Editor’s note: This is another guest post from Amitabh Trehan.
Hello from SODA at Austin. First, a few questions as warmup exercise (It’s a theory conference!):
– If I blog about the conference (my second conference reporting), should I not get a Press card and full financial support from the organizers? 🙂
– If the proceedings are on disk only, should there be more (or less) electric points in the seminar rooms?
– A European friend asked me ‘Is continental breakfast supposed to be just a bowl of fruits and coffee? Which continent are they referring to’?
– How did Austin land up in the middle of Texas?
So, on to some reports now (before my editor cuts my writing for being mathematically imprecise!). Kudos to Austin: on Saturday, I got to watch a wonderful performance by the Austin symphonic Orchestra and violinist Nadja Salerno-Sonnenberg sitting in the very first row on a $5 student ticket, and today live blues at a downtown bar. The conference itself is big: there are 3 parallel sessions throughout the day from 9 am to almost 7 pm besides a plenary session and best paper presentation. Of course, I could only attend at most (n-2)/3 + 2 talks, where n was the total number of talks.
The best paper award has been given to Asadpour, Goemans, Madry, Gharan and Saberi’s paper An O(log n/ log log n)-approximation Algorithm for the Asymmetric Traveling Salesman Problem . This paper breaks the 28 year old Θ(log n) bound set by Frieze et al for the classic Asymmetric Travelling Salesman Problem (ATSP). To remind the reader, ATSP is the asymmetric version of the Traveling Salesman Problem (TSP) which is the problem of finding the minimum cost tour visiting each vertex at least once given a set V of n vertices, and a cost function c: V X V -> R+, and where for ATSP c(u,v) need not be equal to c(v,u). The technique they have used is similiar to the algorithm for the symmetric version by Christofides which gives a factor 3/2 approximation. At a very high level, this is to construct a special spanning tree, find minimum cost Eulerian augmentation of this tree, and shortcut the resulting Eulerian walk to get the result. The spanning tree is special in the sense that it is a thin tree. The algorithm uses Held-Karp Linear Programming (LP) relaxation and a thin tree is roughly defined with respect to the optimum solution x* of the relaxation as a spanning tree that, for every cut, contains a small multiple of the corresponding values of x* in the cut. Shayan Oveis Gharan. presenting the paper, highlighted as important the ideas of ‘thinness’ and that of maximum entropy: explicitly fix the desired combinatorial structure, and then maximize the randomness.
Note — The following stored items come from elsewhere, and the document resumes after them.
(* Let $m\ge n$ be positive integers of the same parity, and define \[ h(z)=\frac{1}{\sqrt2}\Bigl\{\bigl(\sqrt{z^2+1}+1\bigr)^{\frac{m+n}{2}}\bigl(\sqrt{z^2+1}+z\bigr)^{\frac{m-n}{2}}+(-1)^n\bigl(\sqrt{z^2+1}-1\bigr)^{\frac{m+n}{2}}\bigl(\sqrt{z^2+1}-z\bigr)^{\frac{m-n}{2}}\Bigr\}, \] which is a polynomial in $z$ (with the branch $\sqrt{z^2+1}=1$ at $z=0$). Let $\rho(t)=T_n(1-2t)+T_m(1+2t)$, whose degree is $m$ if $m>n$ and $2\lfloor m/2\rfloor$ if $m=n$. Then (i) $\deg h=\deg\rho$; (ii) $h(0)>0$; (iii) $h(z)\neq0$ for all $|z|<1$.
   Context: $T_k$ denotes the Chebyshev polynomial of the first kind, $T_k(\cos\theta)=\cos k\theta$. *)

theory Defs
  imports "HOL-Analysis.Analysis" "HOL-Computational_Algebra.Polynomial"
begin

fun chebT :: "nat \<Rightarrow> real poly" where
  "chebT 0 = 1"
| "chebT (Suc 0) = [:0, 1:]"
| "chebT (Suc (Suc k)) = [:0, 2:] * chebT (Suc k) - chebT k"

definition rho :: "nat \<Rightarrow> nat \<Rightarrow> real poly" where
  "rho m n = pcompose (chebT n) [:1, -2:] + pcompose (chebT m) [:1, 2:]"

text \<open>The expression is
  invariant under replacing the square root by its negative (since m and n have
  the same parity), so the branch choice is immaterial; at z = 0 the principal
  branch gives 1.\<close>
definition hfun :: "nat \<Rightarrow> nat \<Rightarrow> complex \<Rightarrow> complex" where
  "hfun m n z = (let s = csqrt (z^2 + 1) in
     (1 / complex_of_real (sqrt 2)) *
     ((s + 1) ^ ((m + n) div 2) * (s + z) ^ ((m - n) div 2)
      + (-1) ^ n * (s - 1) ^ ((m + n) div 2) * (s - z) ^ ((m - n) div 2)))"

end

theory Submission
  imports Defs "HOL-Real_Asymp.Real_Asymp"
begin

(*
  Degrees are read off growth at infinity: a polynomial p has degree d exactly when
  p(x)/x^d tends to a nonzero limit as x -> +oo. For rho the limit comes from the
  leading coefficient 2^(k-1) of T_k, except when m = n is odd: then T_n is odd,
  rho(t) = T_n(1+2t) - T_n(2t-1) is a finite difference, and its growth is read off
  at x^(n-1). Expanding both products in h binomially in s = sqrt(z^2+1), the odd
  powers of s cancel (this is where the parity of m + n enters), so h is a polynomial
  in z; its growth comes from (s +- 1)/x -> 1, (s + x)/x -> 2 and (s - x)/x -> 0.

  For |z| < 1 put v = s + z, so that s - z = 1/v and 2v(s +- 1) = (v +- 1)^2.
  A zero of h forces (|s-1|/|s+1|)^k = |v|^(2j) with k = (m+n)/2 > j = (m-n)/2.
  But Re s > 0 gives |s-1| < |s+1|, and |v^2 - 1| = 2|v||z| < 2|v| gives
  |s-1| <= |v|^2 |s+1|, which makes that equation impossible.
*)

section \<open>Degrees from growth at infinity\<close>

lemma tendsto_inverse_of_real_at_top:
  "((\<lambda>x. inverse (of_real x :: 'a::real_normed_div_algebra)) \<longlongrightarrow> 0) at_top"
  by (rule filterlim_compose[OF tendsto_inverse_0 filterlim_of_real_at_infinity])

lemma divide_power_split:
  fixes a x :: "'a::field"
  assumes "i \<le> d"
  shows "a / x ^ d = a / x ^ i * inverse x ^ (d - i)"
proof -
  have "x ^ d = x ^ i * x ^ (d - i)"
    using assms by (simp flip: power_add)
  then show ?thesis
    by (simp add: divide_inverse power_inverse)
qed

lemma power_divide_mult_power_divide:
  fixes a b x :: "'a::field"
  shows "(a / x) ^ k * (b / x) ^ j = a ^ k * b ^ j / x ^ (k + j)"
  by (simp add: power_divide power_add)

lemma poly_altdef_le:
  fixes x :: "'a::{comm_semiring_0,semiring_1}"
  assumes "degree p \<le> n"
  shows "poly p x = (\<Sum>i\<le>n. coeff p i * x ^ i)"
  unfolding poly_altdef
  by (rule sum.mono_neutral_left) (use assms in \<open>auto simp: coeff_eq_0\<close>)

lemma tendsto_poly_div_power:
  fixes p :: "'a::real_normed_field poly" and f :: "real \<Rightarrow> 'a"
  assumes "degree p \<le> d" and "((\<lambda>x. f x / of_real x) \<longlongrightarrow> L) at_top"
  shows "((\<lambda>x. poly p (f x) / of_real x ^ d) \<longlongrightarrow> coeff p d * L ^ d) at_top"
proof -
  have expand: "poly p (f x) / of_real x ^ d
      = (\<Sum>i\<le>d. coeff p i * (f x / of_real x) ^ i * inverse (of_real x) ^ (d - i))" for x
    by (simp add: poly_altdef_le[OF assms(1)] sum_divide_distrib divide_power_split[of _ d]
        power_divide mult.assoc)
  have "((\<lambda>x. \<Sum>i\<le>d. coeff p i * (f x / of_real x) ^ i * inverse (of_real x) ^ (d - i))
      \<longlongrightarrow> (\<Sum>i\<le>d. coeff p i * L ^ i * 0 ^ (d - i))) at_top"
    by (intro tendsto_intros assms(2) tendsto_inverse_of_real_at_top)
  also have "(\<Sum>i\<le>d. coeff p i * L ^ i * (0::'a) ^ (d - i)) = coeff p d * L ^ d"
    by (subst sum.remove[of _ d]) (auto intro!: sum.neutral)
  finally show ?thesis
    by (simp only: expand)
qed

lemma degree_eq_if_tendsto_div_power:
  fixes p :: "'a::real_normed_field poly"
  assumes lim: "((\<lambda>x. poly p (of_real x) / of_real x ^ d) \<longlongrightarrow> c) at_top" and "c \<noteq> 0"
  shows "degree p = d"
proof -
  define D where "D = max (degree p) d"
  have "d \<le> D"
    by (simp add: D_def)
  have "((\<lambda>x. of_real x / of_real x :: 'a) \<longlongrightarrow> 1) at_top"
    by (rule tendsto_eventually) (use eventually_gt_at_top[of 0] in eventually_elim; simp)
  then have lim_D: "((\<lambda>x. poly p (of_real x) / of_real x ^ D) \<longlongrightarrow> coeff p D * 1 ^ D) at_top"
    by (rule tendsto_poly_div_power[rotated]) (simp add: D_def)
  have "((\<lambda>x. poly p (of_real x) / of_real x ^ D) \<longlongrightarrow> c * 0 ^ (D - d)) at_top"
    unfolding divide_power_split[OF \<open>d \<le> D\<close>]
    by (intro tendsto_intros lim tendsto_inverse_of_real_at_top)
  from tendsto_unique[OF trivial_limit_at_top_linorder lim_D this]
  have coeff_D: "coeff p D = c * 0 ^ (D - d)"
    by simp
  have "D = d"
  proof (rule ccontr)
    assume "D \<noteq> d"
    then have "D = degree p" "degree p > d" by (auto simp: D_def)
    with coeff_D have "lead_coeff p = 0"
      by simp
    with \<open>degree p > d\<close> show False
      by simp
  qed
  then show ?thesis
    using coeff_D \<open>c \<noteq> 0\<close> le_degree[of p d] by (auto simp: D_def)
qed

lemma tendsto_poly_diff_div_power:
  fixes p :: "'a::real_normed_field poly" and f g :: "real \<Rightarrow> 'a"
  assumes "degree p \<le> Suc d"
    and f: "((\<lambda>x. f x / of_real x) \<longlongrightarrow> L) at_top"
    and g: "((\<lambda>x. g x / of_real x) \<longlongrightarrow> L) at_top"
    and diff: "\<And>x. f x - g x = \<delta>"
  shows "((\<lambda>x. (poly p (f x) - poly p (g x)) / of_real x ^ d)
    \<longlongrightarrow> of_nat (Suc d) * \<delta> * coeff p (Suc d) * L ^ d) at_top"
proof -
  define c where "c = coeff p (Suc d)"
  define r where "r = p - monom c (Suc d)"
  have "degree r \<le> d"
    by (rule degree_le) (use assms(1) in \<open>auto simp: r_def c_def coeff_eq_0\<close>)
  have split: "(poly p (f x) - poly p (g x)) / of_real x ^ d
      = c * \<delta> * (\<Sum>i<Suc d. (g x / of_real x) ^ (d - i) * (f x / of_real x) ^ i)
        + (poly r (f x) / of_real x ^ d - poly r (g x) / of_real x ^ d)" for x
  proof -
    have "poly p y = c * y ^ Suc d + poly r y" for y
      by (simp add: r_def poly_monom)
    then have "poly p (f x) - poly p (g x)
        = c * (f x ^ Suc d - g x ^ Suc d) + (poly r (f x) - poly r (g x))"
      by (simp add: algebra_simps)
    also have "f x ^ Suc d - g x ^ Suc d = \<delta> * (\<Sum>i<Suc d. g x ^ (d - i) * f x ^ i)"
      by (simp only: power_diff_sumr2 diff diff_Suc_Suc)
    finally have "(poly p (f x) - poly p (g x)) / of_real x ^ d
        = c * \<delta> * ((\<Sum>i<Suc d. g x ^ (d - i) * f x ^ i) / of_real x ^ d)
          + (poly r (f x) / of_real x ^ d - poly r (g x) / of_real x ^ d)"
      by (simp add: add_divide_distrib diff_divide_distrib mult.assoc del: sum.lessThan_Suc)
    also have "(\<Sum>i<Suc d. g x ^ (d - i) * f x ^ i) / of_real x ^ d
        = (\<Sum>i<Suc d. (g x / of_real x) ^ (d - i) * (f x / of_real x) ^ i)"
      unfolding sum_divide_distrib
    proof (rule sum.cong[OF refl])
      fix i assume "i \<in> {..<Suc d}"
      then have "of_real x ^ d = of_real x ^ (d - i) * (of_real x ^ i :: 'a)"
        by (simp flip: power_add)
      then show "g x ^ (d - i) * f x ^ i / of_real x ^ d
          = (g x / of_real x) ^ (d - i) * (f x / of_real x) ^ i"
        by (simp add: power_divide)
    qed
    finally show ?thesis .
  qed
  have "((\<lambda>x. \<Sum>i<Suc d. (g x / of_real x) ^ (d - i) * (f x / of_real x) ^ i)
      \<longlongrightarrow> (\<Sum>i<Suc d. L ^ (d - i) * L ^ i)) at_top"
    by (intro tendsto_intros f g)
  also have "(\<Sum>i<Suc d. L ^ (d - i) * L ^ i) = of_nat (Suc d) * L ^ d"
    by (simp flip: power_add)
  finally have "((\<lambda>x. (poly p (f x) - poly p (g x)) / of_real x ^ d)
      \<longlongrightarrow> c * \<delta> * (of_nat (Suc d) * L ^ d) + (coeff r d * L ^ d - coeff r d * L ^ d)) at_top"
    unfolding split
    by (intro tendsto_intros tendsto_poly_div_power[OF \<open>degree r \<le> d\<close>] f g)
  then show ?thesis
    by (simp add: c_def algebra_simps)
qed

section \<open>The polynomial \<open>\<rho>\<close>\<close>

lemma degree_chebT_le: "degree (chebT n) \<le> n"
proof (induction n rule: chebT.induct)
  case (3 k)
  have "degree ([:0, 2:] * chebT (Suc k)) \<le> Suc (Suc k)"
    using degree_mult_le[of "[:0, 2:]" "chebT (Suc k)"] "3.IH"(1) by simp
  with "3.IH"(2) show ?case
    by (simp add: degree_diff_le)
qed auto

lemma coeff_chebT_self: "coeff (chebT n) n = 2 ^ (n - 1)"
proof (induction n rule: chebT.induct)
  case (3 k)
  have "coeff (chebT k) (Suc (Suc k)) = 0"
    using degree_chebT_le[of k] by (simp add: coeff_eq_0)
  with "3.IH"(1) show ?case
    by simp
qed auto

lemma poly_chebT_minus: "poly (chebT n) (- x) = (-1) ^ n * poly (chebT n) x"
  by (induction n rule: chebT.induct) (auto simp: algebra_simps)

lemma poly_rho: "poly (rho m n) t = poly (chebT n) (1 - 2 * t) + poly (chebT m) (1 + 2 * t)"
  by (simp add: rho_def poly_pcompose mult.commute)

lemma tendsto_rho_div_power:
  assumes "n \<le> m"
  shows "((\<lambda>t. poly (rho m n) t / t ^ m)
    \<longlongrightarrow> coeff (chebT n) m * (-2) ^ m + 2 ^ (m - 1) * 2 ^ m) at_top"
proof -
  have "((\<lambda>t. poly (chebT n) (1 - 2 * t) / t ^ m) \<longlongrightarrow> coeff (chebT n) m * (-2) ^ m) at_top"
    by (rule tendsto_poly_div_power[where 'a=real, simplified])
      (use degree_chebT_le[of n] assms in simp, real_asymp)
  moreover have "((\<lambda>t. poly (chebT m) (1 + 2 * t) / t ^ m) \<longlongrightarrow> coeff (chebT m) m * 2 ^ m) at_top"
    by (rule tendsto_poly_div_power[where 'a=real, simplified, OF degree_chebT_le]) real_asymp
  ultimately show ?thesis
    by (simp add: poly_rho add_divide_distrib coeff_chebT_self tendsto_add)
qed

lemma tendsto_rho_diag_div_power:
  assumes "odd n"
  shows "((\<lambda>t. poly (rho n n) t / t ^ (n - 1))
    \<longlongrightarrow> n * 2 * 2 ^ (n - 1) * 2 ^ (n - 1)) at_top"
proof -
  obtain d where n: "n = Suc d"
    using assms by (cases n) auto
  have "poly (rho n n) t = poly (chebT n) (1 + 2 * t) - poly (chebT n) (2 * t - 1)" for t
    using poly_chebT_minus[of n "2 * t - 1"] assms by (simp add: poly_rho)
  moreover have "((\<lambda>t. (poly (chebT n) (1 + 2 * t) - poly (chebT n) (2 * t - 1)) / t ^ d)
      \<longlongrightarrow> of_nat (Suc d) * 2 * coeff (chebT n) (Suc d) * 2 ^ d) at_top"
    by (rule tendsto_poly_diff_div_power[where 'a=real, unfolded of_real_eq_id id_def])
      (use degree_chebT_le[of n] n in simp, real_asymp, real_asymp, simp)
  moreover have "of_nat (Suc d) * 2 * coeff (chebT n) (Suc d) * 2 ^ d
      = n * 2 * 2 ^ (n - 1) * 2 ^ (n - 1)"
    by (simp add: n coeff_chebT_self algebra_simps)
  ultimately show ?thesis
    by (simp add: n)
qed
Overall, a very nice paper.
The other talk I will briefly discuss is the plenary session talk by Cynthia Dwork on ‘Differential Privacy’. She called it ‘postmodern privacy data analysis’. From what little I know (which is not much) of postmodernism, this seems an apt analogy: the author is supposed to be much less important (or almost anonymous) as compared to the work of the author. The aim of differential privacy is not only important but urgent in our time: How to publicly release statistical information about a set of people without compromising the privacy of any individual. Identity thefts and the ease with which one can obtain personal information is now getting alarming. After giving a brief history of the problem and explaining the concepts of adjacent databases, epsilon-differential privacy, linkage attacks etc, she presented the new extensions of their work using the H1N1 epidemic as an example: Continual observation and Pan-privacy. Continual observation is the question of how one can analyze aggregate user information to monitor, say, regional health conditions, while maintaining differential privacy. Pan-privacy maintains the privacy of the database “inside and out” completely hiding the pattern or appearance; protecting against both announced (legal action, subpoenas etc) and unannounced intrusions. The pan-privacy density estimator, as it is called, is based on an idea from the social sciences called randomized response given by Warner in 1965. The idea was to do a coin toss while recording the response of a respondent in a survey and record the response according to the result of the toss and possible truthfulness of the respondent’s statement. As Cynthia showed in her last slide, there are many animals now in the differential privacy zoo!
Besides these, I attended some interesting talks in the day ranging from property testing to graph theory (minors etc) and algorithms about clique-width and kernels. There was also, as one participant called ‘the Kawarabayashi’ session which had four papers by Ken-ichi Kawarabayashi, one less than last year (as far as I know).